[About this exercise] Look for the line that has "m A \<longleftrightarrow>" in the material below; please repeat it and every line after it, exactly, up to and including the line that has "text \<open>Fan appropriate", and nothing else.

[Listed records]

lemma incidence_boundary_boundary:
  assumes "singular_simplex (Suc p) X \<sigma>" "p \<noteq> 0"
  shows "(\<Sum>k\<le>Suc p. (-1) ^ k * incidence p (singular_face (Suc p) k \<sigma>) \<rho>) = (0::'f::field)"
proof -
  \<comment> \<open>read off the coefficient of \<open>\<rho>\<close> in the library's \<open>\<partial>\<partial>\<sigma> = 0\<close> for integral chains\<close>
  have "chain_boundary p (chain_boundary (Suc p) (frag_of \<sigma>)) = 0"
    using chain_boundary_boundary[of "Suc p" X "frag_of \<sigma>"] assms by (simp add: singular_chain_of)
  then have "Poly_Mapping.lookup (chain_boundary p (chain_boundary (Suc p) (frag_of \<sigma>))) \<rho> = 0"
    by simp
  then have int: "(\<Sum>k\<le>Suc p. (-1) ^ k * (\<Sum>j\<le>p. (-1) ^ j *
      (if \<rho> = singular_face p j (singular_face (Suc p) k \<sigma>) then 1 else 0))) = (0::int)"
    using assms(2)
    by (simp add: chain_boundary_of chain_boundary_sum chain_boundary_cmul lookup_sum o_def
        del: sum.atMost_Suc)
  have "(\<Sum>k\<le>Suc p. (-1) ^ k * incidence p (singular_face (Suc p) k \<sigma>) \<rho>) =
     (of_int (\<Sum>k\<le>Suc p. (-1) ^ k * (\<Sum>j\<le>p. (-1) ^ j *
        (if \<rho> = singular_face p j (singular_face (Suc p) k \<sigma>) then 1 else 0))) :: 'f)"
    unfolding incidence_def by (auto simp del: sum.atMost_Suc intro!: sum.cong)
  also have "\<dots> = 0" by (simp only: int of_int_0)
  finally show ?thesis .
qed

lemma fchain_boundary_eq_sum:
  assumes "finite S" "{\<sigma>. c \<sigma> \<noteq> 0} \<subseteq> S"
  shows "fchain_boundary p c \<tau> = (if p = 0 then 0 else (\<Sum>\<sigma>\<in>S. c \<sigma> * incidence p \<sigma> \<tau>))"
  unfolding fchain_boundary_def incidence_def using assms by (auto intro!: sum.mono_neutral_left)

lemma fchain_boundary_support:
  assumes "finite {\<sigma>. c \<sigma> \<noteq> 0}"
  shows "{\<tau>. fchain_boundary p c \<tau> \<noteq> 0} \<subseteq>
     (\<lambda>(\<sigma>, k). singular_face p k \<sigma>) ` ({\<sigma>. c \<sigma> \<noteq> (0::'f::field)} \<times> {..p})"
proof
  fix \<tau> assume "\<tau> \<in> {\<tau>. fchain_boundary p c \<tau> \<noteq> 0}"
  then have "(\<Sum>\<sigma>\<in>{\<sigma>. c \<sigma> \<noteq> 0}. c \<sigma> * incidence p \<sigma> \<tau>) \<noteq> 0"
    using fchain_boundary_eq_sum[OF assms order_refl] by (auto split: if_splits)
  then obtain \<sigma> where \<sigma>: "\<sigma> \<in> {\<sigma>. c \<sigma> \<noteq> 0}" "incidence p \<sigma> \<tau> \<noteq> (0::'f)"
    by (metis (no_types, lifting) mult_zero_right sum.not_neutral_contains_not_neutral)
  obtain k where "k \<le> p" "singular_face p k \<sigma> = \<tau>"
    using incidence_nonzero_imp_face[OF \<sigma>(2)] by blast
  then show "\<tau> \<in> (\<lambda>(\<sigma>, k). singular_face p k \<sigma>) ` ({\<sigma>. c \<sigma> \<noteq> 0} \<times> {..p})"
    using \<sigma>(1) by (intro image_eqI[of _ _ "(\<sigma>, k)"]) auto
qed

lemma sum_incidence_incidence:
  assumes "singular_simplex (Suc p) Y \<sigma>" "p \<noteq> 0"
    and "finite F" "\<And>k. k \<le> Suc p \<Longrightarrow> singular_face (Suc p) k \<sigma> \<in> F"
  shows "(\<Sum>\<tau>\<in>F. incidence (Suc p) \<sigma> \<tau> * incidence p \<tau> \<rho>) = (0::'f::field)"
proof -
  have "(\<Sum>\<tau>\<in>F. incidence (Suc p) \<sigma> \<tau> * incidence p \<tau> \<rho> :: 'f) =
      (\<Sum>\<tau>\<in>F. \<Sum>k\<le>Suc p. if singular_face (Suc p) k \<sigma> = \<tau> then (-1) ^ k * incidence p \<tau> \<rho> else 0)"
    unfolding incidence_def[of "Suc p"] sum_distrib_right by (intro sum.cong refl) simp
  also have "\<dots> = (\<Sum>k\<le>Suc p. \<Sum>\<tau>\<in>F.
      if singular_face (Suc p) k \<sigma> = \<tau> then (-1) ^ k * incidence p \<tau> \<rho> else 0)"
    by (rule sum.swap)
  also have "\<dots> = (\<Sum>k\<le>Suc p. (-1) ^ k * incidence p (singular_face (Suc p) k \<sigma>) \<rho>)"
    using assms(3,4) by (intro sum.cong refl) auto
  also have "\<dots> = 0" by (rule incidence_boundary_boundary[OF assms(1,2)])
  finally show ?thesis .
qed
---
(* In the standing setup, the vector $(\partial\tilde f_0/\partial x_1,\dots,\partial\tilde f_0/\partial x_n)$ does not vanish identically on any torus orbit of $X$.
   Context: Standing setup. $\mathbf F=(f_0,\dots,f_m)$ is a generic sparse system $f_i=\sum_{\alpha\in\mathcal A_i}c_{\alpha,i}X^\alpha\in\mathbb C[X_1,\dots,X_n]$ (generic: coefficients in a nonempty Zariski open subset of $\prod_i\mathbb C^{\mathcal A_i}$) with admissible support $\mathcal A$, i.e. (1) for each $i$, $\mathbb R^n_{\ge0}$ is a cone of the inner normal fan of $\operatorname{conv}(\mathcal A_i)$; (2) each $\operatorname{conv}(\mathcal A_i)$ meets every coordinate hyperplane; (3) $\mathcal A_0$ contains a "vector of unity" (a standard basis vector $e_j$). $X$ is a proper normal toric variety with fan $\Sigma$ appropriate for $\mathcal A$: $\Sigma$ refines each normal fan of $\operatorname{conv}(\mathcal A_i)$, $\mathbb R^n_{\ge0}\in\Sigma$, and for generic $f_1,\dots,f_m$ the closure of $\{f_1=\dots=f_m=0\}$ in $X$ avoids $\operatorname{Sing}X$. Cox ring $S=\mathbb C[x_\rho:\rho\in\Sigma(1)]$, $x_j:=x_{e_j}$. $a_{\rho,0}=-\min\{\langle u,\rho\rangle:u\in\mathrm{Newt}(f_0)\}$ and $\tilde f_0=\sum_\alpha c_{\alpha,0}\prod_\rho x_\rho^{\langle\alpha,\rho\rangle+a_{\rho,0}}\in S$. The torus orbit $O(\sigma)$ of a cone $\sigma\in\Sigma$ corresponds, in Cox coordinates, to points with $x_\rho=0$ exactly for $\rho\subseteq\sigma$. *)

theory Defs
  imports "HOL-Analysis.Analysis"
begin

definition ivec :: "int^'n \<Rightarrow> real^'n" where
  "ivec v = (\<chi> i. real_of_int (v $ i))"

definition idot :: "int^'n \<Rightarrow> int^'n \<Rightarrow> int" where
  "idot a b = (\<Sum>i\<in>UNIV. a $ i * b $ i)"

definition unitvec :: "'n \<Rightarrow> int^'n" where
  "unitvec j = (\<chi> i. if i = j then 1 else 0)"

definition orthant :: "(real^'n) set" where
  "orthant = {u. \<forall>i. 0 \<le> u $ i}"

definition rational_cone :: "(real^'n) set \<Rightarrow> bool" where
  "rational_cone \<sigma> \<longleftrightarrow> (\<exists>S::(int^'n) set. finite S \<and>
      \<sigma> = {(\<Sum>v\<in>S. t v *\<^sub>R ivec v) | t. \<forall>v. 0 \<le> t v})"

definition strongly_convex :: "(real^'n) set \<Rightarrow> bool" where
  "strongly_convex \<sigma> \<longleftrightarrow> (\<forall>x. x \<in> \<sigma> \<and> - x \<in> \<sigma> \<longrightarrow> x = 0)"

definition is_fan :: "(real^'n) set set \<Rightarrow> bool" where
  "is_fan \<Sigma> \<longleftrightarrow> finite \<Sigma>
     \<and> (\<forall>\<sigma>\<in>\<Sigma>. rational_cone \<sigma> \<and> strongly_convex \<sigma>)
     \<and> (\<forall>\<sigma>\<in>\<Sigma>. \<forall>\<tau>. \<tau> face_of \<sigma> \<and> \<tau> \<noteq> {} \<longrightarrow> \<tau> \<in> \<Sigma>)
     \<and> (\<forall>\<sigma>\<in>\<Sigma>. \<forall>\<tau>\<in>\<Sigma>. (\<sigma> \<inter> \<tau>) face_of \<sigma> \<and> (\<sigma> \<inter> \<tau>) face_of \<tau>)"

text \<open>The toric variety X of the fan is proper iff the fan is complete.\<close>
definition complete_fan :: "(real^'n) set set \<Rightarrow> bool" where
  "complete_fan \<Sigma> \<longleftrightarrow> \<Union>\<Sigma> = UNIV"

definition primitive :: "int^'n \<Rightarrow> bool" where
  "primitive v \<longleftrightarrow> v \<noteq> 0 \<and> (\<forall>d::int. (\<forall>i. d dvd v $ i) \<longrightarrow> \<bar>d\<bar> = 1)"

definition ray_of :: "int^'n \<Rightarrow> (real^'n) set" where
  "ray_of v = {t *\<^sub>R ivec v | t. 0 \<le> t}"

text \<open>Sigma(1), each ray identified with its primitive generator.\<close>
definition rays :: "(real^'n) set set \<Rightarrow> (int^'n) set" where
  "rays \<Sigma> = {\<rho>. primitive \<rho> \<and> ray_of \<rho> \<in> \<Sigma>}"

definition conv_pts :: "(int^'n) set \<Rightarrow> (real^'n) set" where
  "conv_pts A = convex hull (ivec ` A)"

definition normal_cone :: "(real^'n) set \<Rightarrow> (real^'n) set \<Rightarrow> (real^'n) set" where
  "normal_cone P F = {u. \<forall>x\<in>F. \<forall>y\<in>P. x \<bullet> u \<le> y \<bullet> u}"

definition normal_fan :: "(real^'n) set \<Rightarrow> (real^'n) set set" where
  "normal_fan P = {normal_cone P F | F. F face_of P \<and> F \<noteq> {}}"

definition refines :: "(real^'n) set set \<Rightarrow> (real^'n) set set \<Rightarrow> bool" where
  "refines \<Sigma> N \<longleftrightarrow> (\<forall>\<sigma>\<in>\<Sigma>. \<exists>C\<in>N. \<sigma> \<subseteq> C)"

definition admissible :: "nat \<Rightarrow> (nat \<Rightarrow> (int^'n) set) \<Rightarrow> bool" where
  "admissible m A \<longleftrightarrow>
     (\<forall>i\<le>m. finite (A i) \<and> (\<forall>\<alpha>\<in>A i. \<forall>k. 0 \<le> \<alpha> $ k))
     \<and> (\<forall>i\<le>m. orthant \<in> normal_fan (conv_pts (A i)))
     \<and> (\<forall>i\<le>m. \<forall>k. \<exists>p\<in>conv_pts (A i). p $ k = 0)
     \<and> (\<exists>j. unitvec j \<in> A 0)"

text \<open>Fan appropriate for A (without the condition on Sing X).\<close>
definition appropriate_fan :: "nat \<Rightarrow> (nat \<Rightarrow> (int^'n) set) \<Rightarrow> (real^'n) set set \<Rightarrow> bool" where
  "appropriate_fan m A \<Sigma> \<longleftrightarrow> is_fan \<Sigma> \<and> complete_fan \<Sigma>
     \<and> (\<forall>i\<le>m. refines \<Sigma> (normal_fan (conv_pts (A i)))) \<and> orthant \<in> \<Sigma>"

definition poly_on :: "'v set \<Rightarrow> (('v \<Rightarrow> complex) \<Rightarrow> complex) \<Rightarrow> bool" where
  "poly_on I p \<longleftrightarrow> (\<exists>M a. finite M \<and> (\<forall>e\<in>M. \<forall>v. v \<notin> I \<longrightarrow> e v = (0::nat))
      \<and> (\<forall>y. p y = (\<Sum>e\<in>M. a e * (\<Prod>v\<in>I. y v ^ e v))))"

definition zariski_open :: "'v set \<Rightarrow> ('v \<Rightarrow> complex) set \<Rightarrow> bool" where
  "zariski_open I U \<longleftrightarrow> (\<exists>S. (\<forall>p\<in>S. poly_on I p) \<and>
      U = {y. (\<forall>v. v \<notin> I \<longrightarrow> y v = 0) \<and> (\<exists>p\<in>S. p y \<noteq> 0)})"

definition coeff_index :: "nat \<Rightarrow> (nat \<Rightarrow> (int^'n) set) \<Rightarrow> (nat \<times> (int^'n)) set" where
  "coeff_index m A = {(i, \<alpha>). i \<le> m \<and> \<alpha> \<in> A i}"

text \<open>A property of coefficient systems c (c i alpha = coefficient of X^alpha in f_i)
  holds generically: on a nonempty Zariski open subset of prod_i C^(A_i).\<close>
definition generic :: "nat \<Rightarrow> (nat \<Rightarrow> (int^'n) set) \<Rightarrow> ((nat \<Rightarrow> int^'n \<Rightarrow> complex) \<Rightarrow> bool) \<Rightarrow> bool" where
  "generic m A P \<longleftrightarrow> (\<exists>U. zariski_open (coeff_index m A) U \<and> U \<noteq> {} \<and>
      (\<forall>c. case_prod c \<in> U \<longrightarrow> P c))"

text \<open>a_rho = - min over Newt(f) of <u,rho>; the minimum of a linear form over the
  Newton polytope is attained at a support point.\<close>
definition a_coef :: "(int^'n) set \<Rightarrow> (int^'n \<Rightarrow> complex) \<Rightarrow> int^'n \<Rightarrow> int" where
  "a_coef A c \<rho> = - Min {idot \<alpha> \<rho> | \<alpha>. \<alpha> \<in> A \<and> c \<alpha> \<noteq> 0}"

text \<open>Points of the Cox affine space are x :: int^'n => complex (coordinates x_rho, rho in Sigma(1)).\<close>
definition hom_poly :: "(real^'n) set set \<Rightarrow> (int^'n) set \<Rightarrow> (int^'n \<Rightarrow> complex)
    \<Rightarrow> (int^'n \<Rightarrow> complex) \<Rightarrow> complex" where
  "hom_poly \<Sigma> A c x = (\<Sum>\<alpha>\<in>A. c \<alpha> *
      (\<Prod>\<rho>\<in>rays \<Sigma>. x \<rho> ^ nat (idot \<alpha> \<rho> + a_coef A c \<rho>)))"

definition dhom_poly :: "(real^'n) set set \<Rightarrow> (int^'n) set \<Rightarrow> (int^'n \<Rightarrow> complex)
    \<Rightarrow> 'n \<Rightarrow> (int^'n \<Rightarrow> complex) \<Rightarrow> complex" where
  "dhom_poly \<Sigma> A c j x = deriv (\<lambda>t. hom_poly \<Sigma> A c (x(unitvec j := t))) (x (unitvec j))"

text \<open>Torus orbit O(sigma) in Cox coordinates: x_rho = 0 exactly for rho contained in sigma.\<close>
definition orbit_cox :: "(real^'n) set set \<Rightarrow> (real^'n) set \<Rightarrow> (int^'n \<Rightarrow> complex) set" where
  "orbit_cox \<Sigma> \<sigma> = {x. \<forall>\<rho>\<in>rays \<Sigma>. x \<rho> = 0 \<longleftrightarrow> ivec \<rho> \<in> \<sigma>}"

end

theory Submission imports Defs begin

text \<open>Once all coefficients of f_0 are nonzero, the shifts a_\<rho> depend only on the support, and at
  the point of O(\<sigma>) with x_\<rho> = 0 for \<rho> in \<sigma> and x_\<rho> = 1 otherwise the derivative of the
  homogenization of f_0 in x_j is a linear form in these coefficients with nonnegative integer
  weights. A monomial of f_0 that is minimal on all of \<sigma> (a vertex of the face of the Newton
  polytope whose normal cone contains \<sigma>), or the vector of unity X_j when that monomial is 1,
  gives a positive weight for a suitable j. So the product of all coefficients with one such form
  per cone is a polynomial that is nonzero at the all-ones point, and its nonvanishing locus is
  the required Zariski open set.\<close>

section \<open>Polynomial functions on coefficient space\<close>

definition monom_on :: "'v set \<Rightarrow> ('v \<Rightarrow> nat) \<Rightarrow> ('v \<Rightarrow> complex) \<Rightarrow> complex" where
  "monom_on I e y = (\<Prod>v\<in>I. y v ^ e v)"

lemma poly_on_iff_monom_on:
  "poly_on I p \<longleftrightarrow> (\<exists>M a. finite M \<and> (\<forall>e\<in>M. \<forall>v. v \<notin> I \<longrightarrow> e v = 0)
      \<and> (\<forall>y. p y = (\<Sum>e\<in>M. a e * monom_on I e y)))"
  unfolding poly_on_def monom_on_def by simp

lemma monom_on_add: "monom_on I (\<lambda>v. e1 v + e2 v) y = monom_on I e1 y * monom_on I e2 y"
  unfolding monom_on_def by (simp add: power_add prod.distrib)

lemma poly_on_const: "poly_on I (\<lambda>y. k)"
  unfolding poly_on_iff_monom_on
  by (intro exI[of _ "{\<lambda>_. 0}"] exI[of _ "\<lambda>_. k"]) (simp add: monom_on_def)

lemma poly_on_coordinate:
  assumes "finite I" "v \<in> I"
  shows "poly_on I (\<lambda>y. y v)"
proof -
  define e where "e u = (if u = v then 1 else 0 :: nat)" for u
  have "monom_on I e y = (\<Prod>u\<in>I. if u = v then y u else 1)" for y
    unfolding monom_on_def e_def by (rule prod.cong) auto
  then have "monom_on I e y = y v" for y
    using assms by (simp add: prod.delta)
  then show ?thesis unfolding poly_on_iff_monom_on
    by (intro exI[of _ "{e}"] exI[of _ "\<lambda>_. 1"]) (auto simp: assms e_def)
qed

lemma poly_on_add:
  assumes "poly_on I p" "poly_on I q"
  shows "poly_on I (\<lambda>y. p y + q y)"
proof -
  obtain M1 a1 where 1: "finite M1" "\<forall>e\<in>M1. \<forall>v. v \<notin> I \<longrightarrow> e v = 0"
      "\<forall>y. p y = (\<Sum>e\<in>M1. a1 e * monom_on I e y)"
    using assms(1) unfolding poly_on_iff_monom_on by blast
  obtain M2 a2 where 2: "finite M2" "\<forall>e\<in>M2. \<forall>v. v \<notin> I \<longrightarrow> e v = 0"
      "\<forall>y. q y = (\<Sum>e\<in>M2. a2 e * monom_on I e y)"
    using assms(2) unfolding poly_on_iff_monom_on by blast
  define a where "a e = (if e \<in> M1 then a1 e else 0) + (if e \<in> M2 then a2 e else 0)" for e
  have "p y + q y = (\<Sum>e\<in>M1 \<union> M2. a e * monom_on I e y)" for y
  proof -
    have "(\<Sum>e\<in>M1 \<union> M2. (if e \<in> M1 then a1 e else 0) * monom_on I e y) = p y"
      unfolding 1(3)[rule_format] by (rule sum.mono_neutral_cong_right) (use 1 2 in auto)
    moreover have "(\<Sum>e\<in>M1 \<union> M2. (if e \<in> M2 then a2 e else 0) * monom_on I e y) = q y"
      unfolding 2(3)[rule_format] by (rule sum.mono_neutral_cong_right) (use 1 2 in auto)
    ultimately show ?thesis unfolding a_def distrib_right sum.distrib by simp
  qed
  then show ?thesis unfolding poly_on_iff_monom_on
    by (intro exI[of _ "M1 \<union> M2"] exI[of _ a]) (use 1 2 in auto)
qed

[Written solution]
  "admissible m A \<longleftrightarrow>
     (\<forall>i\<le>m. finite (A i) \<and> (\<forall>\<alpha>\<in>A i. \<forall>k. 0 \<le> \<alpha> $ k))
     \<and> (\<forall>i\<le>m. orthant \<in> normal_fan (conv_pts (A i)))
     \<and> (\<forall>i\<le>m. \<forall>k. \<exists>p\<in>conv_pts (A i). p $ k = 0)
     \<and> (\<exists>j. unitvec j \<in> A 0)"

text \<open>Fan appropriate for A (without the condition on Sing X).\<close>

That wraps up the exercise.